Data in this exercise:
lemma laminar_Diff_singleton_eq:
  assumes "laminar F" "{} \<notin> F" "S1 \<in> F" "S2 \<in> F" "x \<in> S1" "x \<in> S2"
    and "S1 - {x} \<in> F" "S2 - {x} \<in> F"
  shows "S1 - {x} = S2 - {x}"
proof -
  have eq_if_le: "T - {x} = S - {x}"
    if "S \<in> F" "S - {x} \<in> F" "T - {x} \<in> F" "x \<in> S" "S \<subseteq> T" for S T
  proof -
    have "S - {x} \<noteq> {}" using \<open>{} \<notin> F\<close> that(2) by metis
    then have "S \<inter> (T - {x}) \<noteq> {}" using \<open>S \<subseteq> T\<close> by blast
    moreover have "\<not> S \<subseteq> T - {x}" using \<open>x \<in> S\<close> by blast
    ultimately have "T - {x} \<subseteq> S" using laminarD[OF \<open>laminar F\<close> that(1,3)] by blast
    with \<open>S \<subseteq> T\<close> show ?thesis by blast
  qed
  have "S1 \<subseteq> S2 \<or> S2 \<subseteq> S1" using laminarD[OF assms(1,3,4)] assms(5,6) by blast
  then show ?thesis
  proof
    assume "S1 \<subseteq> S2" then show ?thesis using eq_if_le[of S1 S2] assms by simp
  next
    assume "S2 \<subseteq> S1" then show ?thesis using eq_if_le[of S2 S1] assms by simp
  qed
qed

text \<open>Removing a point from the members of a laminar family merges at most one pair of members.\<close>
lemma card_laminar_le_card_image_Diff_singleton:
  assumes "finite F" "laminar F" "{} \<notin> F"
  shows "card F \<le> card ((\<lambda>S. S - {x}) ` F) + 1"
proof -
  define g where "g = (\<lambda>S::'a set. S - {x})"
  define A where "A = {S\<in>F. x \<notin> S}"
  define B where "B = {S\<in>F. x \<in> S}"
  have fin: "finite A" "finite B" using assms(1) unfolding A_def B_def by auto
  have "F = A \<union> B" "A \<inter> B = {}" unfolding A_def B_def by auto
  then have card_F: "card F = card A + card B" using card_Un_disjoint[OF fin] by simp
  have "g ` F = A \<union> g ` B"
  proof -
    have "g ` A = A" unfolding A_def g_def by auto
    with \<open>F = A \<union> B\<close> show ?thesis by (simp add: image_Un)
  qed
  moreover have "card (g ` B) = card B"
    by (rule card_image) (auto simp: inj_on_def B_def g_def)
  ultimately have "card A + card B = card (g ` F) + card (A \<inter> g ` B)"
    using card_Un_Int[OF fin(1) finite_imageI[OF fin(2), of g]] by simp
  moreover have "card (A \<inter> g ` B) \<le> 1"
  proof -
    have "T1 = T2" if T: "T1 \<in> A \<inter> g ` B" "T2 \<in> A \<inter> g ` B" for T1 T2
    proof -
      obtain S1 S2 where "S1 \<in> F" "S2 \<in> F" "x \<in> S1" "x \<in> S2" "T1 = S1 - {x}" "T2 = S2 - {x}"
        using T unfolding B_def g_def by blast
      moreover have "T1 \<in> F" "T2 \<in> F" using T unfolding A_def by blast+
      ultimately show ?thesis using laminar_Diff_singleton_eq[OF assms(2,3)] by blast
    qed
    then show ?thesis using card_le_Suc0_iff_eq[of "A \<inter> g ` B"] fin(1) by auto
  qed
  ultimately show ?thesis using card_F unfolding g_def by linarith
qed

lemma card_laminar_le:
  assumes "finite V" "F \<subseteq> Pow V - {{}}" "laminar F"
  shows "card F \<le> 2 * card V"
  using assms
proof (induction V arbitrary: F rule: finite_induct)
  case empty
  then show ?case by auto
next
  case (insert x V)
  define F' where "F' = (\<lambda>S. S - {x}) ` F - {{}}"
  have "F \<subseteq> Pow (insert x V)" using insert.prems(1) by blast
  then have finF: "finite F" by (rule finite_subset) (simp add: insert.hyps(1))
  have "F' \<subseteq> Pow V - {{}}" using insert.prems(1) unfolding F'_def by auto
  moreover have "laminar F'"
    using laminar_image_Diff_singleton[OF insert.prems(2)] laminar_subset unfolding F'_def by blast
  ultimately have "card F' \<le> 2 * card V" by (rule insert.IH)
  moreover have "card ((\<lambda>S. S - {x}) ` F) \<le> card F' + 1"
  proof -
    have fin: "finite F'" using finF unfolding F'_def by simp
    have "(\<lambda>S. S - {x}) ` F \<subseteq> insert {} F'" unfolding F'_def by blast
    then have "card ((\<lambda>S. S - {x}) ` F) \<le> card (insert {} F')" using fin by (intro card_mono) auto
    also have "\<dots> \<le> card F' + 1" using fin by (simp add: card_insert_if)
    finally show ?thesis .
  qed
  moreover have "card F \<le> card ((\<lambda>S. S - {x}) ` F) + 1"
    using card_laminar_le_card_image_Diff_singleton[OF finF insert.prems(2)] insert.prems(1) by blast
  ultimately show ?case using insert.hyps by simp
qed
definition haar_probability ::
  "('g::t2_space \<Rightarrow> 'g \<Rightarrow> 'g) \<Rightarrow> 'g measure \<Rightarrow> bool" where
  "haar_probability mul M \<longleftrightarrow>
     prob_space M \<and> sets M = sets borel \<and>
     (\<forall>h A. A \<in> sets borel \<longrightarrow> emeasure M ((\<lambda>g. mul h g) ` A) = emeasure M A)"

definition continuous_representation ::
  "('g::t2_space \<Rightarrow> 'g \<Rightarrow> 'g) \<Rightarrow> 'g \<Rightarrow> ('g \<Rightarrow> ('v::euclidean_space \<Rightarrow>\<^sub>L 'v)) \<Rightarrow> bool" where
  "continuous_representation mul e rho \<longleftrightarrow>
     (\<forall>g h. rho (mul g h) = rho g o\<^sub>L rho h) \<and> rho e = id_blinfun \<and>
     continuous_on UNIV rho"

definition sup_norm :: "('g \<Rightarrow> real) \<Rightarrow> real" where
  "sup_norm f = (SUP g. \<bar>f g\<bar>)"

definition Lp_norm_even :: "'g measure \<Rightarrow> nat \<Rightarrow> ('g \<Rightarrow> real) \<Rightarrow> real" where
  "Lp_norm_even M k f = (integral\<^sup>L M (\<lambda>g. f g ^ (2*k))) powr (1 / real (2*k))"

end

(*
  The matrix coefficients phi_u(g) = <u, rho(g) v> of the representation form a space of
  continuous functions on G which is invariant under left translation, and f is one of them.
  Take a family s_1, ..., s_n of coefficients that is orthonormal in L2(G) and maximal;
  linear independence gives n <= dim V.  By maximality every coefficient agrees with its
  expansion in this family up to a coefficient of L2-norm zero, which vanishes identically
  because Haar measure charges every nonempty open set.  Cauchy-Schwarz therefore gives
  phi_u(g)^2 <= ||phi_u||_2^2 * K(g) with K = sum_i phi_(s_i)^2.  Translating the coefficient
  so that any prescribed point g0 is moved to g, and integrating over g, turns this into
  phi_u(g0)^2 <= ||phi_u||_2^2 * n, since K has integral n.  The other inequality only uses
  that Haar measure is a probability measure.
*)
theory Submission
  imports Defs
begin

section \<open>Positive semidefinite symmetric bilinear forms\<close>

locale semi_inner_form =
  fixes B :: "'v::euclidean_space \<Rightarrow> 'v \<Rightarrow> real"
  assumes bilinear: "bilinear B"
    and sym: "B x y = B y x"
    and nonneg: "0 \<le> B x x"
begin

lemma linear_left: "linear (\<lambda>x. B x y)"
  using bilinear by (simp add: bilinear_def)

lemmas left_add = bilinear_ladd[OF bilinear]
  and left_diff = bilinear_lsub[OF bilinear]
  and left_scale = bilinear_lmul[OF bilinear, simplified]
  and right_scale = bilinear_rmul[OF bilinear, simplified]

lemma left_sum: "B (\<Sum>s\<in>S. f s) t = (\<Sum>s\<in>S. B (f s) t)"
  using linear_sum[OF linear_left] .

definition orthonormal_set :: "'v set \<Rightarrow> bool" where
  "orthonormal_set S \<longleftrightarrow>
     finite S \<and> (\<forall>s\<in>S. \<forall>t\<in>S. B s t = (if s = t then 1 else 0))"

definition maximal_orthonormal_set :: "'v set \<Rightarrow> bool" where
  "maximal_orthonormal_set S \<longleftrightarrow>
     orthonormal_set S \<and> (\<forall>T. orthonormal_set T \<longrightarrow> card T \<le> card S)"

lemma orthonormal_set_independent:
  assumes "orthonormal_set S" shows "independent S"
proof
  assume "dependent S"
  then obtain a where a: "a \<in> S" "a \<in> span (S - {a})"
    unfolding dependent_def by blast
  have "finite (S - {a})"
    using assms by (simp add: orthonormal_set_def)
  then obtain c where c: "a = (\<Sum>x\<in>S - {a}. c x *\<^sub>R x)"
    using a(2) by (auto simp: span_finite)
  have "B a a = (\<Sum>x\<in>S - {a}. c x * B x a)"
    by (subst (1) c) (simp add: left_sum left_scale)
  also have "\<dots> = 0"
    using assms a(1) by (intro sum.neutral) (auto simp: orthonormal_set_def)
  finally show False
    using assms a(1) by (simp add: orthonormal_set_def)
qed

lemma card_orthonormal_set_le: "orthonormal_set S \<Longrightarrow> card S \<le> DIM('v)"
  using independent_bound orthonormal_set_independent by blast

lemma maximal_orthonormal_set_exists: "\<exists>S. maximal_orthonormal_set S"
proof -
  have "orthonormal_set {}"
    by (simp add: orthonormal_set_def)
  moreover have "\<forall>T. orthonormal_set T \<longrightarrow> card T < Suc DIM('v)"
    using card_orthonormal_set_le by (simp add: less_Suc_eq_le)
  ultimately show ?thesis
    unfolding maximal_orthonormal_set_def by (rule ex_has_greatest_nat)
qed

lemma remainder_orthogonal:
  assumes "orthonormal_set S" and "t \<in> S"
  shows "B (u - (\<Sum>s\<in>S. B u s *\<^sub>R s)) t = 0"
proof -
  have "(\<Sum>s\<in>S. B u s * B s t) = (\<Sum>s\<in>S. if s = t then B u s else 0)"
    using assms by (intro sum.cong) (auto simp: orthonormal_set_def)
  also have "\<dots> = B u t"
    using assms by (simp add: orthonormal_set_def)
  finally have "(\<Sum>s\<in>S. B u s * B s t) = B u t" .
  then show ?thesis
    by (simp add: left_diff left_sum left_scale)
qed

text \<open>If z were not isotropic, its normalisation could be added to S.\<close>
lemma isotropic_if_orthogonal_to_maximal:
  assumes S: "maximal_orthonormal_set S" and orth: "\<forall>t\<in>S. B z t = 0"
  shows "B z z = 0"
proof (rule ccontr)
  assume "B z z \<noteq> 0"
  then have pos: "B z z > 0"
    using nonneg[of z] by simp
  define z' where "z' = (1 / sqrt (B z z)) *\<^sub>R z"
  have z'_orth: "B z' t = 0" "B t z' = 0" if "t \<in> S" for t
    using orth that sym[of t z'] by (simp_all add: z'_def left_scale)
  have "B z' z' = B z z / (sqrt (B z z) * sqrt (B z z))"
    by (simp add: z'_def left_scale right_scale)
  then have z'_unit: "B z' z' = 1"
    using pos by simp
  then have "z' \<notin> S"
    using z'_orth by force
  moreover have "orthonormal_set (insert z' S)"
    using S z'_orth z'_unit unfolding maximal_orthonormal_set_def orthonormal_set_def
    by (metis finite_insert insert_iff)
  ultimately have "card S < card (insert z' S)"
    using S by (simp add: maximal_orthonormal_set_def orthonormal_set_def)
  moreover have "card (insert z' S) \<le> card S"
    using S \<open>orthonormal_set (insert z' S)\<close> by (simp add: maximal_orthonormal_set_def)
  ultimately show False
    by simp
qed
--
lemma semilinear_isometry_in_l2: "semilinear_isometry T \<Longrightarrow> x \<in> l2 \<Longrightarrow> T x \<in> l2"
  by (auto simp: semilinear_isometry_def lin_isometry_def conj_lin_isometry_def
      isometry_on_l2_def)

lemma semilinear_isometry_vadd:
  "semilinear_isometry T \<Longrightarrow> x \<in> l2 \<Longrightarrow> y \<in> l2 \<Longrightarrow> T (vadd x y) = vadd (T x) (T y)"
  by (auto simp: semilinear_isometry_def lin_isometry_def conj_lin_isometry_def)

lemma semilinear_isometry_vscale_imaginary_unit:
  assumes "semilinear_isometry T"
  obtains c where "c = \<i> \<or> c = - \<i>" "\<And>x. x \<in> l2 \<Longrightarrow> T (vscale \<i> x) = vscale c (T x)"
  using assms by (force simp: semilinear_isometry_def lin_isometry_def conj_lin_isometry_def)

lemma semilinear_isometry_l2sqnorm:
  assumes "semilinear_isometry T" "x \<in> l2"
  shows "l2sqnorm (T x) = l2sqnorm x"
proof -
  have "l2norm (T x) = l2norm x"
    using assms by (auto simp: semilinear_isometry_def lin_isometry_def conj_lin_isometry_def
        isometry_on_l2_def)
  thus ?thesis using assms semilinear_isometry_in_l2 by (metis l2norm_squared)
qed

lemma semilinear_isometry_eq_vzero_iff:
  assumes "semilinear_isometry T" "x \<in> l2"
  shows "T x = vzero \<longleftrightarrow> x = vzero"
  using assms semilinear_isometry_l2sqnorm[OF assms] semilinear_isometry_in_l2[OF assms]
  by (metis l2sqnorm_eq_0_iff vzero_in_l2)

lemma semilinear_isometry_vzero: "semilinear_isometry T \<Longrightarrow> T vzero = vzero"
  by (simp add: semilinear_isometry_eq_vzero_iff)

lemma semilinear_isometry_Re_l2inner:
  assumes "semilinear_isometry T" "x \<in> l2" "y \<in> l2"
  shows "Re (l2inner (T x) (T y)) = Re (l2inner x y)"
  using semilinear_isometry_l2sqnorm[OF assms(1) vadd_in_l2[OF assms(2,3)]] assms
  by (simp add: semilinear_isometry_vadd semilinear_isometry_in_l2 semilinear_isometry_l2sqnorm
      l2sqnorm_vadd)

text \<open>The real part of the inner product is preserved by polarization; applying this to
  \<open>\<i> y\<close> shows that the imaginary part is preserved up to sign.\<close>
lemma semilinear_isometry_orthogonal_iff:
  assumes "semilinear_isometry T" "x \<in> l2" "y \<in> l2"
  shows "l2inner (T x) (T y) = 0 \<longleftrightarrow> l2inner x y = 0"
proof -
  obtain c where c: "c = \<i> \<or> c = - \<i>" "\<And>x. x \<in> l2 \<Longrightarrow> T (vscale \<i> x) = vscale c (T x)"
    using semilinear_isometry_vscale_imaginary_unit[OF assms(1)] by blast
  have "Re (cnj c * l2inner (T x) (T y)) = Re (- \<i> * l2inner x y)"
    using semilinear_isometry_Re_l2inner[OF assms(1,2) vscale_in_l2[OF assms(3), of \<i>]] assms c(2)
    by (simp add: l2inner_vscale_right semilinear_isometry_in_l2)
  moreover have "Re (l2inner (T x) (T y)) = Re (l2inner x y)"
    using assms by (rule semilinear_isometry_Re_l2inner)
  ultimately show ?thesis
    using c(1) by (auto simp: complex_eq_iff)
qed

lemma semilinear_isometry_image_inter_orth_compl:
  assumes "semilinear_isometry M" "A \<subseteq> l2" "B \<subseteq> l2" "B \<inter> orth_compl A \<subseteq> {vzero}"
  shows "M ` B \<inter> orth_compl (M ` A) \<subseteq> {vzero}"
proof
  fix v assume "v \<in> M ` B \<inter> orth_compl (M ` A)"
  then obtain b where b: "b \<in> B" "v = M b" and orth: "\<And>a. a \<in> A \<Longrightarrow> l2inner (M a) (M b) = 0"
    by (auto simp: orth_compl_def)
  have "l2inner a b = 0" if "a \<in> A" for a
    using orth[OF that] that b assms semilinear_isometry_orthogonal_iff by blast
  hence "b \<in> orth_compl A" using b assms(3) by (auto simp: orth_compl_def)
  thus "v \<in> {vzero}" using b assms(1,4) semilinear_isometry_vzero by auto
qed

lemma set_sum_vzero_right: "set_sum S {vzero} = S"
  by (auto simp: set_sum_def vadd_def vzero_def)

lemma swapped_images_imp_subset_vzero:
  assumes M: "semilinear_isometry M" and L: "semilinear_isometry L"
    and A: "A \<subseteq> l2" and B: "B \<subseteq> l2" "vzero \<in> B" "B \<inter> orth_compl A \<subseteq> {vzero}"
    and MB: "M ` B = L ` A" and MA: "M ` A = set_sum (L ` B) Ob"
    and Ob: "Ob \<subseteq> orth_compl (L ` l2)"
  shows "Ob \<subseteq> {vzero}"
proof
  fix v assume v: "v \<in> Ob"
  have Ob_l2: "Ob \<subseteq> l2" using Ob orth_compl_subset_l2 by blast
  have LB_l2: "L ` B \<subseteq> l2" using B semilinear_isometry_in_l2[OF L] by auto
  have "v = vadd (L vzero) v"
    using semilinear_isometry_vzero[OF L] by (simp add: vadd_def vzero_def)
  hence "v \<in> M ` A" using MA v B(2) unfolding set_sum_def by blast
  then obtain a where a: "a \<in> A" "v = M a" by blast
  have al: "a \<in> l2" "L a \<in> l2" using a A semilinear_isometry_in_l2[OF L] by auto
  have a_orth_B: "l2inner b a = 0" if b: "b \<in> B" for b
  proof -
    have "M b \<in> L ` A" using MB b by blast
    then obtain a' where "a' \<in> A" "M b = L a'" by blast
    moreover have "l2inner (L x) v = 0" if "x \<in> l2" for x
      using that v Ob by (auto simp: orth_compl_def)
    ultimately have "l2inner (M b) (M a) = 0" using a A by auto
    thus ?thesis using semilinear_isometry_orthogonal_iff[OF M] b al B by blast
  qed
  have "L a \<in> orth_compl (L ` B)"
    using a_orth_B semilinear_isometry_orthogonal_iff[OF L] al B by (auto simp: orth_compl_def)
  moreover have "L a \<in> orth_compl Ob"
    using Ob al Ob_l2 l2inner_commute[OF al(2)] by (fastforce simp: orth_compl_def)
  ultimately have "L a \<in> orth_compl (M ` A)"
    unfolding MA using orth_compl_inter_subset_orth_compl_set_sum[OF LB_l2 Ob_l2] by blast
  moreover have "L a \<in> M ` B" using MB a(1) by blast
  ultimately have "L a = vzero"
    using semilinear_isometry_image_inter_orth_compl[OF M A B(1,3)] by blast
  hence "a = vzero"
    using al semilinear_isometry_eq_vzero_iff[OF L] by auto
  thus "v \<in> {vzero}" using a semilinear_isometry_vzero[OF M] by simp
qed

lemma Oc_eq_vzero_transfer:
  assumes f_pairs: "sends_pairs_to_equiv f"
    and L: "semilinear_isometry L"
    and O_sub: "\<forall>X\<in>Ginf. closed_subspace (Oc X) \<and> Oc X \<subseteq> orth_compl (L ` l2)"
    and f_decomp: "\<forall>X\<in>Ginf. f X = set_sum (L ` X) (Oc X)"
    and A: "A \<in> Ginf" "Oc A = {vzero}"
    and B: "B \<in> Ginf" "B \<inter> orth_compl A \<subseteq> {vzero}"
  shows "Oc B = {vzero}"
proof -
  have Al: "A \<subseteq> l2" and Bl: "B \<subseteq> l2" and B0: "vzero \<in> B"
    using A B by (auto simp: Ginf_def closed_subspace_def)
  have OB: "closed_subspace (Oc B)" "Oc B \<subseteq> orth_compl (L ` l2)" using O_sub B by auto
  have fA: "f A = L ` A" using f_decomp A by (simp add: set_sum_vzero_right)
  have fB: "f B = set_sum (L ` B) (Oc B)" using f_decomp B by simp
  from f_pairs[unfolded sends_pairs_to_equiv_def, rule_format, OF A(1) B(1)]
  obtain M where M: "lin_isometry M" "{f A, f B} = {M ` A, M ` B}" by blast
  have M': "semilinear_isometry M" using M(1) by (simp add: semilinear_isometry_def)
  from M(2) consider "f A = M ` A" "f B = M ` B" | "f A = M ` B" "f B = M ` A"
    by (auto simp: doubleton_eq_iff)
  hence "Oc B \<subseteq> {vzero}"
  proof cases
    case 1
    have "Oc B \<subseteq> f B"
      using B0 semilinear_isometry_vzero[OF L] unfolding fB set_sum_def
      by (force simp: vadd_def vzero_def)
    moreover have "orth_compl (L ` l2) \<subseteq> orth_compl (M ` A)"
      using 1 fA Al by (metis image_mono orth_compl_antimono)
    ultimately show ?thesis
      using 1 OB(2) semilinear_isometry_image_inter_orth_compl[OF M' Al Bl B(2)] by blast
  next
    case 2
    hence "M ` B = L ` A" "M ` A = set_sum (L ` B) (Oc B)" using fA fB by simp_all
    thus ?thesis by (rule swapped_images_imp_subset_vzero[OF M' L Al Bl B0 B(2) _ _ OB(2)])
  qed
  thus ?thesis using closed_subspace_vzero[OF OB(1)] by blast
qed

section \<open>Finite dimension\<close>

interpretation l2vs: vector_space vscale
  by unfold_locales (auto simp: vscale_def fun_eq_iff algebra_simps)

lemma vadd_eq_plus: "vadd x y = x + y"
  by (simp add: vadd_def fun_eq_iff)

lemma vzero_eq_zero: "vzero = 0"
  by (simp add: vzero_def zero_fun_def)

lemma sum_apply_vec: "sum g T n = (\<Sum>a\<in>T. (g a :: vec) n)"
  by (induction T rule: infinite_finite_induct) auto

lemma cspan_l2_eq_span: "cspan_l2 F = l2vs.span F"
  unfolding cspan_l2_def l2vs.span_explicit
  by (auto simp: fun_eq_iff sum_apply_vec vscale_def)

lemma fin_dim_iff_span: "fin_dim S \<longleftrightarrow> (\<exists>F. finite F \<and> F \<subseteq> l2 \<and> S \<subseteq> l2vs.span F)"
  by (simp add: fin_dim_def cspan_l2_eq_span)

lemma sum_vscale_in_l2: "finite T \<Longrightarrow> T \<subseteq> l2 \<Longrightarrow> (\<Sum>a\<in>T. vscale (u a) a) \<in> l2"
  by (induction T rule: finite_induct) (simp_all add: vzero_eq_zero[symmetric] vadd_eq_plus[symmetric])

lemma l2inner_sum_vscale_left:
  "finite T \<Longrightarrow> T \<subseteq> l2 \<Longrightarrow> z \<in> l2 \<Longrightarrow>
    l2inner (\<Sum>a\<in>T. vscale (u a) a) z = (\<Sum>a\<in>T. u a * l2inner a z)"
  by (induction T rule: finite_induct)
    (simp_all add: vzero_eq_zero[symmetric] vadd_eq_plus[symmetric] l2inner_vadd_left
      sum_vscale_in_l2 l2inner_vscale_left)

Task to complete:
Of the lines above, copy each that contains "finF".

Task answer:
  then have finF: "finite F" by (rule finite_subset) (simp add: insert.hyps(1))
    have fin: "finite F'" using finF unfolding F'_def by simp
    using card_laminar_le_card_image_Diff_singleton[OF finF insert.prems(2)] insert.prems(1) by blast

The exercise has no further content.